### Exercise instructions
Across the data below, state how many lines hold "LINT", and reply with nothing but that number.

--- Provided information Enclosed Below ---

(* Let $f:\mathbb{R}\to(0,\infty)$ be $C^4$, unimodal with maximum at $\mu$, of the form $f=e^{-H}$ with $H$ regularly varying (there is $\alpha>0$ with $H(tx)/H(t)\to x^\alpha$ as $|t|\to\infty$ for all $x>0$), and with $|(\log f)''''|<M$ for some $M>0$. Then for every $\beta>0$ and $\ell>0$, $$\ell^2\left[\tfrac12V(\beta)-I(\beta)+\tfrac{1}{4\beta}R(\beta)\right]=-\ell^2\,\mathrm{Var}_\beta\!\left(h(X)-\tfrac12k(X)\right).$$
   Context: $h=\log f$, $k(x)=(x-\mu)h'(x)$, $r(x)=(x-\mu)^2h''(x)$; $\mathbb{E}_\beta,\mathrm{Var}_\beta,\mathrm{Cov}_\beta$ are moments under $f^\beta/\int f^\beta$. $I(\beta)=\mathrm{Var}_\beta(h(X))$, $V(\beta)=\mathrm{Cov}_\beta(h(X),k(X))$, $R(\beta)=\mathbb{E}_\beta[r(X)-k(X)]$. *)

theory Defs
  imports "HOL-Analysis.Analysis"
begin

definition C4 :: "(real \<Rightarrow> real) \<Rightarrow> bool" where
  "C4 f \<longleftrightarrow> (\<forall>j<4. \<forall>x. ((deriv ^^ j) f) differentiable (at x))
              \<and> continuous_on UNIV ((deriv ^^ 4) f)"

definition Ebeta :: "(real \<Rightarrow> real) \<Rightarrow> real \<Rightarrow> (real \<Rightarrow> real) \<Rightarrow> real" where
  "Ebeta f \<beta> g = (LINT x|lborel. g x * f x powr \<beta>) / (LINT x|lborel. f x powr \<beta>)"

definition Covbeta :: "(real \<Rightarrow> real) \<Rightarrow> real \<Rightarrow> (real \<Rightarrow> real) \<Rightarrow> (real \<Rightarrow> real) \<Rightarrow> real" where
  "Covbeta f \<beta> g1 g2 =
     Ebeta f \<beta> (\<lambda>x. (g1 x - Ebeta f \<beta> g1) * (g2 x - Ebeta f \<beta> g2))"

definition Varbeta :: "(real \<Rightarrow> real) \<Rightarrow> real \<Rightarrow> (real \<Rightarrow> real) \<Rightarrow> real" where
  "Varbeta f \<beta> g = Ebeta f \<beta> (\<lambda>x. (g x - Ebeta f \<beta> g)\<^sup>2)"

definition hfun :: "(real \<Rightarrow> real) \<Rightarrow> real \<Rightarrow> real" where
  "hfun f = (\<lambda>x. ln (f x))"

definition kfun :: "(real \<Rightarrow> real) \<Rightarrow> real \<Rightarrow> real \<Rightarrow> real" where
  "kfun f \<mu> = (\<lambda>x. (x - \<mu>) * deriv (hfun f) x)"

definition rfun :: "(real \<Rightarrow> real) \<Rightarrow> real \<Rightarrow> real \<Rightarrow> real" where
  "rfun f \<mu> = (\<lambda>x. (x - \<mu>)\<^sup>2 * deriv (deriv (hfun f)) x)"

definition Ifun :: "(real \<Rightarrow> real) \<Rightarrow> real \<Rightarrow> real" where
  "Ifun f \<beta> = Varbeta f \<beta> (hfun f)"

definition Vfun :: "(real \<Rightarrow> real) \<Rightarrow> real \<Rightarrow> real \<Rightarrow> real" where
  "Vfun f \<mu> \<beta> = Covbeta f \<beta> (hfun f) (kfun f \<mu>)"

definition Rfun :: "(real \<Rightarrow> real) \<Rightarrow> real \<Rightarrow> real \<Rightarrow> real" where
  "Rfun f \<mu> \<beta> = Ebeta f \<beta> (\<lambda>x. rfun f \<mu> x - kfun f \<mu> x)"

end

theory Submission
  imports Defs "HOL-Real_Asymp.Real_Asymp"
begin

(* Write h = ln f and g = f powr beta = exp (beta * h).  Regular variation of -h, used only
   through the ratio at 2, forces -h to grow like a power of |x| on both sides, so g decays
   faster than every polynomial; the bound on the fourth derivative makes h, h' and h''
   polynomially bounded.  Hence every moment below exists and integrating (phi * g)' over the
   line gives the Stein identity E[phi'] + beta E[phi h'] = 0.  The choices phi = x - mu,
   h (x - mu) and (x - mu)^2 h' yield E k = -1/beta, V = 1/beta^2 and
   R = beta (2 V - Var k); together with Var (h - k/2) = I - V + Var k / 4 the bracket
   becomes V - I - Var k / 4 = - Var (h - k/2). *)

lemma integral_deriv_eq_zero:
  fixes F F' :: "real \<Rightarrow> real"
  assumes "\<And>x. DERIV F x :> F' x" "\<And>x. isCont F' x" "integrable lborel F'"
    and "(F \<longlongrightarrow> 0) at_top" "(F \<longlongrightarrow> 0) at_bot"
  shows "(LINT x|lborel. F' x) = 0"
proof -
  have "(LBINT x=-\<infinity>..\<infinity>. F' x) = 0 - 0"
    using assms
    by (intro interval_integral_FTC_integrable[where F=F])
       (auto simp: has_real_derivative_iff_has_vector_derivative set_integrable_def
         ereal_tendsto_simps1)
  then show ?thesis
    by (simp add: interval_lebesgue_integral_def set_lebesgue_integral_def)
qed

lemma integrable_inverse_1_plus_square: "integrable lborel (\<lambda>x::real. inverse (1 + x\<^sup>2))"
proof -
  have "1 + x\<^sup>2 \<noteq> 0" for x :: real
    by (smt (verit) zero_le_power2)
  then have "set_integrable lborel (einterval (-\<infinity>) \<infinity>) (\<lambda>x::real. inverse (1 + x\<^sup>2))"
    by (intro interval_integral_FTC_nonneg(1)[where F=arctan and A="-pi/2" and B="pi/2"]
          AE_I2 continuous_intros)
       (auto simp: DERIV_arctan ereal_tendsto_simps1 tendsto_arctan_at_bot
          tendsto_arctan_at_top add_pos_nonneg)
  then show ?thesis by (simp add: set_integrable_def)
qed

lemma integral_pos:
  fixes g :: "real \<Rightarrow> real"
  assumes "integrable lborel g" "\<And>x. g x > 0"
  shows "(LINT x|lborel. g x) > 0"
proof -
  have "\<not> (AE x in lborel. g x = 0)"
  proof
    assume "AE x in lborel. g x = 0"
    then have "AE x::real in lborel. False"
      by (rule eventually_mono) (metis assms(2) less_irrefl)
    then have "ae_filter (lborel :: real measure) = bot"
      by (simp add: trivial_limit_def)
    then show False by (simp add: ae_filter_eq_bot_iff)
  qed
  then have "(LINT x|lborel. g x) \<noteq> 0"
    using assms by (subst integral_nonneg_eq_0_iff_AE) (auto simp: less_imp_le)
  moreover have "(LINT x|lborel. g x) \<ge> 0"
    using assms by (simp add: less_imp_le)
  ultimately show ?thesis by simp
qed

definition poly_bounded :: "(real \<Rightarrow> real) \<Rightarrow> bool" where
  "poly_bounded \<phi> \<longleftrightarrow> (\<exists>B n. \<forall>x. \<bar>\<phi> x\<bar> \<le> B * (1 + \<bar>x\<bar>) ^ n)"

lemma poly_boundedI: "(\<And>x. \<bar>\<phi> x\<bar> \<le> B * (1 + \<bar>x\<bar>) ^ n) \<Longrightarrow> poly_bounded \<phi>"
  unfolding poly_bounded_def by blast

lemma poly_boundedE:
  assumes "poly_bounded \<phi>"
  obtains B n where "B \<ge> 0" "\<And>x. \<bar>\<phi> x\<bar> \<le> B * (1 + \<bar>x\<bar>) ^ n"
proof -
  obtain B n where B: "\<And>x. \<bar>\<phi> x\<bar> \<le> B * (1 + \<bar>x\<bar>) ^ n"
    using assms unfolding poly_bounded_def by blast
  have "B \<ge> 0" using B[of 0] by simp
  with B that show ?thesis by blast
qed

lemma poly_bounded_const: "poly_bounded (\<lambda>x. c)"
  by (rule poly_boundedI[of _ "\<bar>c\<bar>" 0]) simp

lemma poly_bounded_ident: "poly_bounded (\<lambda>x. x)"
  by (rule poly_boundedI[of _ 1 1]) simp

lemma poly_bounded_add:
  assumes "poly_bounded \<phi>" "poly_bounded \<psi>"
  shows "poly_bounded (\<lambda>x. \<phi> x + \<psi> x)"
proof -
  obtain B m where B: "B \<ge> 0" "\<And>x. \<bar>\<phi> x\<bar> \<le> B * (1 + \<bar>x\<bar>) ^ m"
    using poly_boundedE[OF assms(1)] by blast
  obtain C n where C: "C \<ge> 0" "\<And>x. \<bar>\<psi> x\<bar> \<le> C * (1 + \<bar>x\<bar>) ^ n"
    using poly_boundedE[OF assms(2)] by blast
  have "\<bar>\<phi> x + \<psi> x\<bar> \<le> (B + C) * (1 + \<bar>x\<bar>) ^ max m n" for x
  proof -
    have "(1 + \<bar>x\<bar>) ^ m \<le> (1 + \<bar>x\<bar>) ^ max m n" "(1 + \<bar>x\<bar>) ^ n \<le> (1 + \<bar>x\<bar>) ^ max m n"
      by (auto intro: power_increasing)
    then have "B * (1 + \<bar>x\<bar>) ^ m + C * (1 + \<bar>x\<bar>) ^ n \<le> (B + C) * (1 + \<bar>x\<bar>) ^ max m n"
      using B(1) C(1) by (simp add: distrib_right add_mono mult_left_mono)
    then show ?thesis using B(2)[of x] C(2)[of x] by linarith
  qed
  then show ?thesis by (rule poly_boundedI)
qed

lemma poly_bounded_mult:
  assumes "poly_bounded \<phi>" "poly_bounded \<psi>"
  shows "poly_bounded (\<lambda>x. \<phi> x * \<psi> x)"
proof -
  obtain B m where B: "B \<ge> 0" "\<And>x. \<bar>\<phi> x\<bar> \<le> B * (1 + \<bar>x\<bar>) ^ m"
    using poly_boundedE[OF assms(1)] by blast
  obtain C n where C: "C \<ge> 0" "\<And>x. \<bar>\<psi> x\<bar> \<le> C * (1 + \<bar>x\<bar>) ^ n"
    using poly_boundedE[OF assms(2)] by blast
  have "\<bar>\<phi> x * \<psi> x\<bar> \<le> (B * C) * (1 + \<bar>x\<bar>) ^ (m + n)" for x
  proof -
    have "\<bar>\<phi> x * \<psi> x\<bar> \<le> (B * (1 + \<bar>x\<bar>) ^ m) * (C * (1 + \<bar>x\<bar>) ^ n)"
      unfolding abs_mult using B C by (intro mult_mono) auto
    then show ?thesis by (simp add: power_add ac_simps)
  qed
  then show ?thesis by (rule poly_boundedI)
qed

lemma poly_bounded_diff:
  assumes "poly_bounded \<phi>" "poly_bounded \<psi>"
  shows "poly_bounded (\<lambda>x. \<phi> x - \<psi> x)"
  using poly_bounded_add[OF assms(1) poly_bounded_mult[OF poly_bounded_const[of "-1"] assms(2)]]
  by simp

lemma poly_bounded_power:
  assumes "poly_bounded \<phi>"
  shows "poly_bounded (\<lambda>x. \<phi> x ^ k)"
  by (induction k) (simp_all add: poly_bounded_const poly_bounded_mult assms)

lemma poly_bounded_DERIV:
  assumes deriv: "\<And>x. DERIV \<phi> x :> \<phi>' x" and "poly_bounded \<phi>'"
  shows "poly_bounded \<phi>"
proof -
  obtain B n where B: "B \<ge> 0" "\<And>x. \<bar>\<phi>' x\<bar> \<le> B * (1 + \<bar>x\<bar>) ^ n"
    using poly_boundedE[OF assms(2)] by blast
  have "\<bar>\<phi> x\<bar> \<le> (\<bar>\<phi> 0\<bar> + B) * (1 + \<bar>x\<bar>) ^ Suc n" for x
  proof -
    have "\<bar>\<phi>' z\<bar> \<le> B * (1 + \<bar>x\<bar>) ^ n" if "z \<in> cball 0 \<bar>x\<bar>" for z
    proof -
      have "(1 + \<bar>z\<bar>) ^ n \<le> (1 + \<bar>x\<bar>) ^ n" using that by (intro power_mono) auto
      then show ?thesis using B(1) B(2)[of z] by (meson mult_left_mono order_trans)
    qed
    then have "norm (\<phi> x - \<phi> 0) \<le> B * (1 + \<bar>x\<bar>) ^ n * norm (x - 0)"
      using deriv by (intro field_differentiable_bound[of "cball 0 \<bar>x\<bar>"])
        (auto intro: has_field_derivative_at_within)
    also have "\<dots> \<le> B * (1 + \<bar>x\<bar>) ^ Suc n"
      using B(1) by (simp add: mult_left_mono mult_right_mono mult.assoc mult.left_commute)
    finally have "\<bar>\<phi> x\<bar> \<le> \<bar>\<phi> 0\<bar> + B * (1 + \<bar>x\<bar>) ^ Suc n"
      unfolding real_norm_def by linarith
    moreover have "\<bar>\<phi> 0\<bar> * 1 \<le> \<bar>\<phi> 0\<bar> * (1 + \<bar>x\<bar>) ^ Suc n"
      by (intro mult_left_mono one_le_power) auto
    ultimately show ?thesis by (simp add: distrib_right)
  qed
  then show ?thesis by (rule poly_boundedI)
qed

--- End of Enclosed Provided information ---

### Your response
5